Dequantize. The prepare step casts to torch.int32 before adding the zero points, and casts back to the original dtype before multiplying the scale. The convert step only casts at the very end.

# Prepare
x = x.to(torch.int32) - zero_point.to(torch.int32)
x = x.to(orig_dtype)
x = x * scale

# Convert
x = x - zero_point
x = x * scale 
x = x.to(orig_dtype)

This commit makes the convert path use the same torchao quantization primitives as the prepare path, thereby resolving the 3 above differences. Now, the prepare and convert steps match exactly in terms of numerics over many trials.

Test Plan:

python test/quantization/test_qat.py -k test_fake_quantize_per_token_vs_convert
python test/quantization/test_qat.py -k test_qat_8da4w_prepare_vs_convert

pytorch-bot · 2025-03-26T20:47:57Z

🔗 Helpful Links

🧪 See artifacts and rendered test results at hud.pytorch.org/pr/pytorch/ao/1964

📄 Preview Python docs built from this PR

Note: Links to docs will display an error until the docs builds have been completed.

❌ 2 New Failures

As of commit 4c45344 with merge base dfbd681 ():

NEW FAILURES - The following jobs have failed:

.github/workflows/float8nocompile_test.yaml (gh)
Run TorchAO Experimental Tests / test-mps-ops (macos-m1-stable) (gh)
Process completed with exit code 1.

This comment was automatically generated by Dr. CI and updates every 15 minutes.

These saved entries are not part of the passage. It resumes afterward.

lemma hb_at_0_eq_dop_symbol:
  assumes "c' - c = of_nat n" and "h \<in> polys"
  shows "T h (\<lambda>_. 0) = dop scV n (symbol scV n T) h (\<lambda>_. 0)"
proof -
  define F where "F \<gamma> = T (monom \<gamma> (h \<gamma>)) (\<lambda>_. 0)" for \<gamma>
  define S where "S = {\<gamma>. h \<gamma> \<noteq> 0}"
  define G where "G = {\<gamma>::'m \<Rightarrow> nat. deg \<gamma> = n}"
  have "finite (S \<union> G)"
    using assms(2) by (simp add: S_def G_def polys_iff finite_exps_of_deg)
  have "F \<gamma> = 0" if "\<gamma> \<notin> S" for \<gamma>
  proof -
    have "monom \<gamma> (h \<gamma>) = (\<lambda>_. 0)" using that by (simp add: S_def monom_def fun_eq_iff)
    then show ?thesis by (simp add: F_def hb_zero)
  qed
  moreover have "F \<gamma> = 0" if "\<gamma> \<notin> G" for \<gamma>
    unfolding F_def using that assms(1) by (intro hb_monom_at_0_off_degree) (auto simp: G_def)
  ultimately have "sum F S = sum F G"
    using sum.same_carrier[OF \<open>finite (S \<union> G)\<close>, of S G F F] by blast
  moreover have "T h (\<lambda>_. 0) = sum F S"
    using hb_at_0[OF assms(2)] by (simp add: F_def S_def)
  moreover have "dop scV n (symbol scV n T) h (\<lambda>_. 0) = sum F G"
    unfolding dop_at_0[OF symbol_linear] G_def
    by (rule sum.cong) (simp_all add: symbol_def F_def mfact_nonzero)
  ultimately show ?thesis by simp
qed

lemma hb_eq_dop_symbol:
  assumes "c' - c = of_nat n" and "h \<in> polys"
  shows "T h = dop scV n (symbol scV n T) h"
proof -
  define D where "D h = (\<lambda>\<alpha>. T h \<alpha> - dop scV n (symbol scV n T) h \<alpha>)" for h
  have "D h \<beta> = 0" for \<beta>
  proof (rule W.vanish_if_pder_closed[where F = "D ` polys"])
    show "g (\<lambda>_. 0) = 0" if "g \<in> D ` polys" for g
      using that hb_at_0_eq_dop_symbol[OF assms(1)] by (auto simp: D_def)
    show "pder scW k g \<in> D ` polys" if "g \<in> D ` polys" for g k
    proof -
      obtain h' where "h' \<in> polys" "g = D h'" using \<open>g \<in> D ` polys\<close> by blast
      then have "pder scW k g = D (pder scV k h')"
        by (simp add: D_def W.pder_diff hb_pder dop_pder[OF symbol_linear])
      then show ?thesis using V.polys_pder[OF \<open>h' \<in> polys\<close>] by blast
    qed
    show "D h \<in> D ` polys" using assms(2) by blast
  qed
  then show ?thesis by (simp add: D_def fun_eq_iff)
qed

end

lemma inv_defect_zero:
  assumes "\<And>\<gamma>. Vector_Spaces.linear scV scW (\<tau> \<gamma>)"
  shows "inv_defect n \<phi> \<psi> \<tau> i j \<delta> 0 = 0"
  by (simp add: inv_defect_def linear_simps(3)[OF assms] \<phi>_zero \<psi>_zero)

lemma inv_defect_off_degree:
  assumes "\<And>\<gamma>. deg \<gamma> \<noteq> n \<Longrightarrow> \<tau> \<gamma> = (\<lambda>_. 0)" and "deg \<delta> \<noteq> n"
  shows "inv_defect n \<phi> \<psi> \<tau> i j \<delta> v = 0"
proof -
  have "dact i j \<gamma> \<delta> = 0" if "deg \<gamma> = n" for \<gamma>
    using that assms(2) deg_exp_move[of \<gamma> i j] by (auto simp: dact_eq_exp_move)
  then show ?thesis
    using assms by (simp add: inv_defect_def \<psi>_zero)
qed

lemma symbol_in_InvT:
  assumes T: "T \<in> HB" and n: "c' - c = of_nat n"
  shows "symbol scV n T \<in> InvT scV \<phi> scW \<psi> n"
proof -
  define \<tau> where "\<tau> = symbol scV n T"
  have L: "\<And>\<gamma>. Vector_Spaces.linear scV scW (\<tau> \<gamma>)"
    unfolding \<tau>_def by (rule symbol_linear[OF T])
  have supp: "\<tau> \<gamma> = (\<lambda>_. 0)" if "deg \<gamma> \<noteq> n" for \<gamma>
    using that by (simp add: \<tau>_def symbol_def fun_eq_iff)
  have "inv_defect n \<phi> \<psi> \<tau> i j \<delta> v = 0" for i j \<delta> v
  proof (cases "deg \<delta> = n")
    case True
    define h where "h = monom \<delta> (scV (1 / mfact \<delta>) v)"
    have "dop scV n \<tau> (\<lambda>\<alpha>. x_pder scV i j h \<alpha> + \<phi> i j (h \<alpha>)) (\<lambda>_. 0) - \<psi> i j (dop scV n \<tau> h (\<lambda>_. 0))
        = T (Lie scV \<phi> (vf_xd i j) h) (\<lambda>_. 0) - \<psi> i j (T h (\<lambda>_. 0))"
      using hb_eq_dop_symbol[OF T n, of h] hb_eq_dop_symbol[OF T n, of "Lie scV \<phi> (vf_xd i j) h"]
        V.polys_Lie[where \<phi> = \<phi>, OF vf_xd_in_bm polys_monom \<phi>_zero] by (simp add: \<tau>_def h_def V.Lie_vf_xd \<phi>_zero)
    also have "\<dots> = 0"
      by (simp add: hb_Lie[OF T vf_xd_in_bm] h_def W.Lie_vf_xd x_pder_at_0)
    finally have "(\<Sum>\<delta>'\<in>{\<delta>. deg \<delta> = n}. inv_defect n \<phi> \<psi> \<tau> i j \<delta>' (scV (mfact \<delta>') (h \<delta>'))) = 0"
      using dop_x_pder_at_0[where \<phi> = \<phi> and \<psi> = \<psi> and i = i and j = j and n = n and h = h,
          OF L \<phi>_linear \<psi>_linear] by simp
    then show ?thesis
      using V.sum_mfact_monom[OF True, of "inv_defect n \<phi> \<psi> \<tau> i j" v] inv_defect_zero[OF L]
      by (simp add: h_def)
  qed (rule inv_defect_off_degree[OF supp])
  then show ?thesis
    unfolding InvT_iff \<tau>_def[symmetric] using L supp by blast
qed

lemma dop_hom_in_HB:
  assumes "\<tau> \<in> InvT scV \<phi> scW \<psi> n"
  shows "dop_hom scV n \<tau> \<in> HB"
proof -
  have L: "\<And>\<gamma>. Vector_Spaces.linear scV scW (\<tau> \<gamma>)"
    and inv: "\<And>i j \<delta> u. inv_defect n \<phi> \<psi> \<tau> i j \<delta> u = 0"
    using assms unfolding InvT_iff by blast+
  show ?thesis
    unfolding HomB_def dop_hom_def
    by (simp add: polys_dop[OF L] polys_add dop_add[OF L] V.polys_scale dop_scale[OF L]
        V.polys_Lie \<phi>_zero dop_Lie[OF L \<phi>_linear \<psi>_linear inv])
qed

lemma symbol_dop_hom:
  assumes "\<tau> \<in> InvT scV \<phi> scW \<psi> n"
  shows "symbol scV n (dop_hom scV n \<tau>) = \<tau>"
proof (intro ext)
  fix \<gamma> v
  have L: "\<And>\<gamma>. Vector_Spaces.linear scV scW (\<tau> \<gamma>)"
    and supp: "\<And>\<gamma>. deg \<gamma> \<noteq> n \<Longrightarrow> \<tau> \<gamma> = (\<lambda>_. 0)"
    using assms unfolding InvT_iff by blast+
  show "symbol scV n (dop_hom scV n \<tau>) \<gamma> v = \<tau> \<gamma> v"
  proof (cases "deg \<gamma> = n")
    case True
    then show ?thesis
      using V.sum_mfact_monom[OF True, of \<tau> v] linear_simps(3)[OF L]
      by (simp add: symbol_def dop_hom_def dop_at_0[OF L])
  qed (simp add: symbol_def supp)
qed

lemma zero_in_HB: "(\<lambda>h \<alpha>. 0) \<in> HB"
proof -
  have "Lie scW \<psi> X (\<lambda>_. 0) = (\<lambda>_. 0)" if "X \<in> bm" for X
    by (simp add: W.Lie_bm_expand[OF that] W.pder_zero x_pder_def mult_x_def \<psi>_zero)
  then show ?thesis by (simp add: HomB_def)
qed

lemma HomB_eq_zero:
  assumes "\<nexists>n::nat. c' - c = of_nat n"
  shows "HB = {\<lambda>h \<alpha>. 0}"
proof -
  have off_degree: "of_nat (deg \<gamma>) + c \<noteq> c'" for \<gamma>
  proof
    assume "of_nat (deg \<gamma>) + c = c'"
    then have "c' - c = of_nat (deg \<gamma>)" by (simp add: algebra_simps)
    then show False using assms by blast
  qed
  have "T = (\<lambda>h \<alpha>. 0)" if T: "T \<in> HB" for T
  proof -
    have at_0: "T h (\<lambda>_. 0) = 0" if "h \<in> polys" for h
      using hb_at_0[OF T that] hb_monom_at_0_off_degree[OF T off_degree] by simp
    have on_polys: "T h \<beta> = 0" if "h \<in> polys" for h \<beta>
    proof (rule W.vanish_if_pder_closed[where F = "T ` polys"])
      show "g (\<lambda>_. 0) = 0" if "g \<in> T ` polys" for g
        using that at_0 by blast
      show "pder scW k g \<in> T ` polys" if "g \<in> T ` polys" for g k
      proof -
        obtain h' where "h' \<in> polys" "g = T h'" using \<open>g \<in> T ` polys\<close> by blast
        then have "pder scW k g = T (pder scV k h')" by (simp add: hb_pder[OF T])
        then show ?thesis using V.polys_pder[OF \<open>h' \<in> polys\<close>] by blast
      qed
      show "T h \<in> T ` polys" using that by blast
    qed
    show ?thesis
    proof (intro ext)
      fix h \<alpha>
      show "T h \<alpha> = 0" by (cases "h \<in> polys") (simp_all add: on_polys hb_out[OF T])
    qed
  qed
  then show ?thesis using zero_in_HB by blast
qed

lemma symbol_hom_add: "symbol scV n (hom_add T S) = tau_add (symbol scV n T) (symbol scV n S)"
  by (simp add: symbol_def hom_add_def tau_add_def fun_eq_iff)

lemma symbol_hom_scale: "symbol scV n (hom_scale scW a T) = tau_scale scW a (symbol scV n T)"
  by (simp add: symbol_def hom_scale_def tau_scale_def fun_eq_iff)

lemma bij_betw_symbol:
  assumes "c' - c = of_nat n"
  shows "bij_betw (symbol scV n) HB (InvT scV \<phi> scW \<psi> n)"
proof (rule bij_betw_byWitness[where f' = "dop_hom scV n"])
  show "\<forall>T\<in>HB. dop_hom scV n (symbol scV n T) = T"
    using hb_eq_dop_symbol[OF _ assms] hb_out by (auto simp: dop_hom_def fun_eq_iff)
qed (use symbol_in_InvT[OF _ assms] symbol_dop_hom dop_hom_in_HB in auto)

end


theorem mainTheorem9:
  fixes scV :: "complex \<Rightarrow> 'v::ab_group_add \<Rightarrow> 'v" and BV :: "'v set"
    and scW :: "complex \<Rightarrow> 'w::ab_group_add \<Rightarrow> 'w" and BW :: "'w set"
    and \<phi> :: "'m::finite \<Rightarrow> 'm \<Rightarrow> 'v \<Rightarrow> 'v" and \<psi> :: "'m \<Rightarrow> 'm \<Rightarrow> 'w \<Rightarrow> 'w"
    and c c' :: complex
  assumes "finite_dimensional_vector_space scV BV"
    and "finite_dimensional_vector_space scW BW"
    and "is_lm_rep scV \<phi>" and "is_lm_rep scW \<psi>"
    and "Ex_acts_by scV \<phi> c" and "Ex_acts_by scW \<psi> c'"
  shows "((\<nexists>n::nat. c' - c = of_nat n) \<longrightarrow> HomB scV \<phi> scW \<psi> = {\<lambda>h \<alpha>. 0}) \<and>
         (\<forall>n::nat. c' - c = of_nat n \<longrightarrow>
            (\<exists>\<Psi>. bij_betw \<Psi> (HomB scV \<phi> scW \<psi>) (InvT scV \<phi> scW \<psi> n) \<and>
                 (\<forall>T\<in>HomB scV \<phi> scW \<psi>. \<forall>S\<in>HomB scV \<phi> scW \<psi>.
                     \<Psi> (hom_add T S) = tau_add (\<Psi> T) (\<Psi> S)) \<and>
                 (\<forall>a. \<forall>T\<in>HomB scV \<phi> scW \<psi>.
                     \<Psi> (hom_scale scW a T) = tau_scale scW a (\<Psi> T))))"
proof -
  interpret lm_rep_pair scV scW \<phi> \<psi> c c'
    using assms by (simp add: lm_rep_pair_def lm_rep_pair_axioms_def cvector_space_pair_def
        cvector_space_def finite_dimensional_vector_space_def is_lm_rep_def)
  show ?thesis
    using HomB_eq_zero bij_betw_symbol symbol_hom_add symbol_hom_scale by blast
qed

end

facebook-github-bot · 2025-03-27T17:09:44Z

@andrewor14 has imported this pull request. If you are a Meta employee, you can view this diff on Phabricator.

jerryzh168 · 2025-03-27T20:04:13Z

Thanks for the updates, will be good to setup a deprecation plan for quantized_decomposed.choose_qparams op then

facebook-github-bot · 2025-03-27T20:27:23Z

@andrewor14 has imported this pull request. If you are a Meta employee, you can view this diff on Phabricator.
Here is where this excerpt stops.